Later, as they sit in the hole in the basement and realize their true love for each other, Willis and Jessie notice a large bag of hidden gold coins. They drive away together to fulfil his bargain to give half of the money to the mysterious Louise.

==Main cast==
- Jeff Daniels as Willis Embry, a psychologist who works in a New Jersey prison who is told the secret location of $8.5 million buried under the basement of a house in Cherry Hill.
- Catherine O'Hara as Jessie Lodge, a divorcee who lives at 7322 Pleasant Street, Cherry Hill and strikes an agreement with Willis to find the money hidden under her basement.
- Hector Elizondo as Norman Rutledge, who lives at number 7320 Pleasant Street and is taken hostage by the escapees.
- Rhea Perlman as Lydia Nunn, a successful author who, with her husband Jeffrey, is constantly looking out her window at the comings and goings in the neighborhood.
- Judith Ivey as Peedi Rutledge, the long-suffering wife of Norm Rutledge.
- Harris Yulin as Marvin Boyd, a psychotic who breaks Lyle and Harry out of prison and spearheads the attempt at finding the loot.
- Jonathan Banks as Handsome Harry, the most sympathetic criminal who falls in love with Peedi while holding her and Norman hostage.
- Dabney Coleman as Jeffrey Babitt, Lydia's husband and step-father to her daughter Swan, who despises him.
- Chazz Palminteri as Lyle Corrente, the inmate who overhears the conversation about the $8.5 million.
- Richard Portnow as Marty Rollins, a real estate agent trying to sell Jessie's house, and is receiving help as a sexaholic.
- Jeremy Piven as Albert Lodge, the estranged husband of Jessie Lodge.
- Heidi Zeigler as Swan Babitt, the daughter of Lydia Nunn.
- William Morgan Sheppard as Trick Bissell, the convict who tells Willis about the money.

==Production==
The film marked the directorial debut of screenwriter Bill Phillips.

===Music===
This film contains the Crowded House song "It's Only Natural", and the Tom Cochrane song "Life Is a Highway". The score was composed by David Bell.

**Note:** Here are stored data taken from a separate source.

lemma short_exact_coset_in_image:
  assumes "short_exact N G Q i p" "K \<lhd> G" and g: "g \<in> carrier G" "p g \<in> p ` K"
  shows "K #>\<^bsub>G\<^esub> g \<in> (\<lambda>n. K #>\<^bsub>G\<^esub> i n) ` carrier N"
proof -
  interpret K: normal K G by fact
  interpret p: group_hom G Q p
    using assms(1) by (simp add: short_exact_def group_hom_def group_hom_axioms_def)
  obtain k where k: "k \<in> K" "p g = p k"
    using g(2) by blast
  have k_carrier: "k \<in> carrier G"
    using k(1) K.subset by blast
  have "inv\<^bsub>G\<^esub> k \<otimes>\<^bsub>G\<^esub> g \<in> kernel G Q p"
    using g(1) k k_carrier by (simp add: kernel_def p.hom_mult p.hom_inv)
  then obtain n where n: "n \<in> carrier N" "i n = inv\<^bsub>G\<^esub> k \<otimes>\<^bsub>G\<^esub> g"
    using assms(1) unfolding short_exact_def by (metis imageE)
  have "K #>\<^bsub>G\<^esub> g = K #>\<^bsub>G\<^esub> (k \<otimes>\<^bsub>G\<^esub> i n)"
    using n(2) k_carrier g(1) by (simp add: K.m_assoc[symmetric])
  also have "\<dots> = (K #>\<^bsub>G\<^esub> k) #>\<^bsub>G\<^esub> i n"
    using K.subset k_carrier n(2) g(1) by (simp add: K.coset_mult_assoc)
  also have "\<dots> = K #>\<^bsub>G\<^esub> i n"
    using K.rcos_const[OF K.is_group k(1)] by simp
  finally show ?thesis
    using n(1) by blast
qed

==Critical and commercial performance==
The film was not a commercial success. According to movie stats website The Numbers, the total US box office gross was a mere $11,000.

As of 16 May 2022, 1,200 individual users of IMDb had given this film a weighted average rating of 5.7.

==Home video==
The film was released on VHS in most territories, and has not been made officially available on DVD in the USA (region 1) or the UK (region 2), although there are region 0 discs that are available.